Matplotlib : 차트의 기본 크기를 설정하려면?

rcParams

Matplotlib에서 그리는 그래프,폰트 등의 기본 값을 설정합니다.
plt.rcParams와 mpl.rcParams 모두 동일한 결과를 도출하므로 편한 것을 사용하면 됩니다.
사용 가능한 rcParams 항목 : plt.rcParams
초기값으로 되돌리기 : mpl.rcParams.update(mpl.rcParamsDefault)


%matplotlib inline
import matplotlib as mpl
import matplotlib.pyplot as plt

mpl.rcParams["figure.figsize"] = (14,4)
mpl.rcParams['lines.linewidth'] = 2
mpl.rcParams['lines.color'] = 'r'
mpl.rcParams['axes.grid'] = True 
mpl.rcParams['figure.dpi'] = 120
mpl.rcParams['axes.spines.top'] = False
mpl.rcParams['axes.spines.right'] = False

‘figure.figsize’ : 그림(figure)의 크기.(가로,세로)인치 단위 ‘lines.linewidth’ : 선의 두께 ‘lines.color’ : 선의 색깔 ‘axes.grid’ : 차트 내 격자선(grid) 표시 여부 ‘figure.dpi’ : 인치당 도트 수에서의 그림 해상도입니다.

Figure와 subplots

한 화면에 여러 개의 그래프를 그리려면 figure 함수를 통해 Figure 객체를 먼저 만든 후 add_subplot 메서드를 통해 그리려는 그래프 개수만큼 subplot을 만들면 됩니다.

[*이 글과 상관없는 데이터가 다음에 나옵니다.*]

definition is_resolvent :: "'v clause \<Rightarrow> 'v clause \<Rightarrow> 'v clause \<Rightarrow> bool" where
  "is_resolvent w A B \<longleftrightarrow> (\<exists>x. x \<in> A \<and> compl x \<in> B \<and>
      no_compl_pair ((A - {x}) \<union> (B - {compl x})) \<and>
      w = (A - {x}) \<union> (B - {compl x}))"

definition frontier :: "'v clause set \<Rightarrow> 'v clause set" where
  "frontier G = {w \<in> G. \<not> (\<exists>w'\<in>G. w' \<subset> w)}"

definition layer_list :: "'v clause set \<Rightarrow> (nat \<Rightarrow> 'v clause set) \<Rightarrow> nat \<Rightarrow> bool" where
  "layer_list F L n \<longleftrightarrow>
     n \<ge> 1 \<and>
     (\<forall>j. 1 \<le> j \<and> j \<le> n \<longrightarrow> L j \<noteq> {}) \<and>
     L 0 = F \<and>
     (\<exists>k. 1 \<le> k \<and> k \<le> n \<and> {} \<in> L k) \<and>
     (\<forall>j. 1 \<le> j \<and> j \<le> n \<longrightarrow>
        (\<forall>w\<in>L j. \<exists>w'\<in>L (j - 1). \<exists>w''\<in>(\<Union>i<j. L i). is_resolvent w w' w'')) \<and>
     (\<forall>k j. 1 \<le> k \<and> k < j \<and> j \<le> n \<longrightarrow>
        \<not> (\<exists>w\<in>L j. \<exists>w'\<in>L (k - 1). \<exists>w''\<in>(\<Union>i<k. L i). is_resolvent w w' w''))"

definition Known :: "'v clause set \<Rightarrow> 'v clause set \<Rightarrow> 'v clause set \<Rightarrow> 'v clause set" where
  "Known Prev Cur Next = Prev \<union> Cur \<union> Next"

definition compatible_proof ::
  "'v clause set \<Rightarrow> 'v clause set \<Rightarrow> 'v clause set \<Rightarrow> 'v clause set \<Rightarrow> 'v clause set
   \<Rightarrow> (nat \<Rightarrow> 'v clause set) \<Rightarrow> nat \<Rightarrow> bool" where
  "compatible_proof F Prev Cur Next Forg L n \<longleftrightarrow>
     layer_list F L n \<and>
     (\<exists>k<n. L k = Cur \<and> (\<Union>i<k. L i) = Prev \<and> Next \<subseteq> L (k + 1) \<and>
            (\<forall>j\<le>n. L j \<inter> Forg = {}))"

end

theory Submission
  imports Defs
begin

text \<open>Rank every clause of the proof by the first layer it occurs in. A clause outside
  Known(P) is not in F, so it is the resolvent of two clauses of strictly smaller rank.
  Unfolding the derivation of the empty clause backwards, always expanding a derived
  clause of maximal rank, replaces one clause by at most two per derived clause and
  ends in a set of at most (number of derived clauses) + 1 clauses of Known(P) that
  entails the empty clause, i.e. is unsatisfiable. Shrinking each of its clauses to a
  subclause in the frontier keeps it unsatisfiable and does not increase its size.\<close>

definition satisfies :: "('v \<Rightarrow> bool) \<Rightarrow> 'v clause set \<Rightarrow> bool" where
  "satisfies a F \<longleftrightarrow> (\<forall>C\<in>F. \<exists>l\<in>C. lit_true a l)"

lemma satisfies_empty [simp]: "satisfies a {}"
  and satisfies_insert [simp]: "satisfies a (insert C F) \<longleftrightarrow> (\<exists>l\<in>C. lit_true a l) \<and> satisfies a F"
  unfolding satisfies_def by auto

lemma unsatisfiable_iff_satisfies: "unsatisfiable F \<longleftrightarrow> (\<forall>a. \<not> satisfies a F)"
  unfolding unsatisfiable_def satisfiable_def satisfies_def by blast

lemma lit_true_compl [simp]: "lit_true a (compl l) \<longleftrightarrow> \<not> lit_true a l"
  by (cases l) auto

lemma is_resolvent_sound:
  assumes "is_resolvent d A B" "satisfies a {A, B}"
  shows "satisfies a {d}"
proof -
  obtain x where x: "x \<in> A" "compl x \<in> B" "d = (A - {x}) \<union> (B - {compl x})"
    using assms(1) unfolding is_resolvent_def by blast
  show ?thesis
  proof (cases "lit_true a x")
    case True
    then obtain l where "l \<in> B" "lit_true a l" "l \<noteq> compl x"
      using assms(2) unfolding satisfies_def by fastforce
    then show ?thesis using x unfolding satisfies_def by blast
  next
    case False
    then obtain l where "l \<in> A" "lit_true a l" "l \<noteq> x"
      using assms(2) unfolding satisfies_def by blast
    then show ?thesis using x unfolding satisfies_def by blast
  qed
qed

lemma is_resolvent_subset: "is_resolvent d A B \<Longrightarrow> d \<subseteq> A \<union> B"
  unfolding is_resolvent_def by blast

definition ranked_derivation :: "('v clause \<Rightarrow> nat) \<Rightarrow> 'v clause set \<Rightarrow> 'v clause set \<Rightarrow> bool" where
  "ranked_derivation \<rho> K D \<longleftrightarrow>
     (\<forall>d\<in>D. \<exists>A\<in>K \<union> D. \<exists>B\<in>K \<union> D. \<rho> A < \<rho> d \<and> \<rho> B < \<rho> d \<and> is_resolvent d A B)"
(* For every $n\ge1$ and $x\in(0,1/2]$, the function $G_n$ satisfies $$\frac{n}{x^{1/n}}\ \ge\ G_n(1/x)\ \ge\ \frac12\cdot\frac{n}{x^{1/n}}\quad\text{when } x\le 2^{-n},$$ $$2\log_2(1/x)\ \ge\ G_n(1/x)\ \ge\ 2+\log\frac{1}{2x}\quad\text{when } x>2^{-n},$$ and $\displaystyle\lim_{x\to0^+}\frac{G_n(1/x)}{n/x^{1/n}}=1$.
   Context: $\log$ is the natural logarithm. The function $G_n$ on $[2,\infty)$: for $n=1$, $G_1(1/x)=1/x$. For $n>1$, $G_n(2)=2$, and for every $\gamma>0$, $$x\,G_n(1/x)=\frac{\gamma n}{(1+\gamma)^n-1}\left[\frac{(1+\gamma)^{n-1}\gamma(n-1)}{(1+\gamma)^{n-1}-1}\right]^{1-1/n}\quad\text{where}\quad x=\frac{(1+\gamma)^{n-1}[\gamma(n-1)-1]+1}{[(1+\gamma)^{n-1}-1][(1+\gamma)^n-1]}\in(0,1/2).$$ *)

theory Defs
  imports "HOL-Analysis.Analysis"
begin

text \<open>Parametrisation of G_n for n > 1: the point x(gamma) in (0,1/2) and the value
  x * G_n(1/x) as functions of the parameter gamma > 0.\<close>

definition xpar :: "nat \<Rightarrow> real \<Rightarrow> real" where
  "xpar n \<gamma> =
     ((1 + \<gamma>) ^ (n - 1) * (\<gamma> * real (n - 1) - 1) + 1) /
     (((1 + \<gamma>) ^ (n - 1) - 1) * ((1 + \<gamma>) ^ n - 1))"

definition Fpar :: "nat \<Rightarrow> real \<Rightarrow> real" where
  "Fpar n \<gamma> =
     (\<gamma> * real n / ((1 + \<gamma>) ^ n - 1)) *
     ((1 + \<gamma>) ^ (n - 1) * \<gamma> * real (n - 1) / ((1 + \<gamma>) ^ (n - 1) - 1))
       powr (1 - 1 / real n)"

definition G :: "nat \<Rightarrow> real \<Rightarrow> real" where
  "G n y =
     (if n = 1 then y
      else if y = 2 then 2
      else (THE v. \<exists>\<gamma>>0. xpar n \<gamma> = 1 / y \<and> v = Fpar n \<gamma> / xpar n \<gamma>))"

end

theory Submission
  imports Defs
begin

subplot의 개수는 add_subplot 메서드의 인자를 통해 조정할 수 있습니다.

fig = plt.figure(figsize=(15, 11))

gs = fig.add_gridspec(3, 4)  # row size * column size 형태의 1차원 어레이, subplot 사이즈 조절

add_gridspec 메서드를 통하여 한 화면을 3x4(행x열)로 나눕니다

ax_sex_survived = fig.add_subplot(gs[:2,:2]) # 행 : 1~2, 열 : 1~2 범위의 2x2(행x열) subplot을 생성합니다.
sns.countplot(x='Sex',hue='Survived', data=train, ax=ax_sex_survived, 
              palette=survived_palette)

ax_survived_sex = fig.add_subplot(gs[:2,2:4], sharey=ax_sex_survived) # 행 : 1~2, 열 : 3~4 범위의 2x2(행x열) subplot을 생성합니다.
sns.countplot(x='Survived',hue='Sex', data=train, ax=ax_survived_sex,
              palette=sex_palette
             )

# ax_survived_sex.set_yticks([])
ax_survived_sex.set_ylabel('')

ax_pie_male = fig.add_subplot(gs[2, 0])  # 세 번째 행, 첫 번째 열에 위치하는 subplot 생성  
ax_pie_female = fig.add_subplot(gs[2, 1]) # 세 번째 행, 두 번째 열에 위치하는 subplot 생성
ax_pie_notsurvived = fig.add_subplot(gs[2, 2]) # 세 번째 행, 세 번째 열에 위치하는 subplot 생성
ax_pie_survived = fig.add_subplot(gs[2, 3]) # 세 번째 행, 네 번째 열에 위치하는 subplot 생성

# Sex
male = train[train['Sex']=='male']['Survived'].value_counts().sort_index()
ax_pie_male.pie(male, labels=male.index, autopct='%1.1f%%',explode = (0, 0.1), startangle=90,
               colors=survived_palette
               ) # subplot(ax_pie_male에는 pie함수를 호출해서 그래프를 그림


female = train[train['Sex']=='female']['Survived'].value_counts().sort_index()
ax_pie_female.pie(female, labels=female.index, autopct='%1.1f%%',explode = (0, 0.1), startangle=90,
                colors=survived_palette
                 )

# Survived
notsurvived = train[train['Survived']==0]['Sex'].value_counts()[['male', 'female']]
ax_pie_notsurvived.pie(notsurvived, labels=notsurvived.index, autopct='%1.1f%%',startangle=90,
                      colors=sex_palette, textprops={'color':"w"}
                      )

survived = train[train['Survived']==1]['Sex'].value_counts()[['male', 'female']]
ax_pie_survived.pie(survived, labels=survived.index, autopct='%1.1f%%', startangle=90,
                    colors=sex_palette, textprops={'color':"w"}
                   )


fig.suptitle('[Sex & Survived] Conditional Distribution', fontweight='bold', fontsize=20)
fig.text(s='''Gender and survival are the most important features of the existing Titanic problem.\nLook at each conditional probability and think of the minimum score''', 
         x=0.5, y= 0.94, ha='center', va='top')

plt.show()

va는 verticalalignment의 약자로 y축에서의 위치를 말합니다.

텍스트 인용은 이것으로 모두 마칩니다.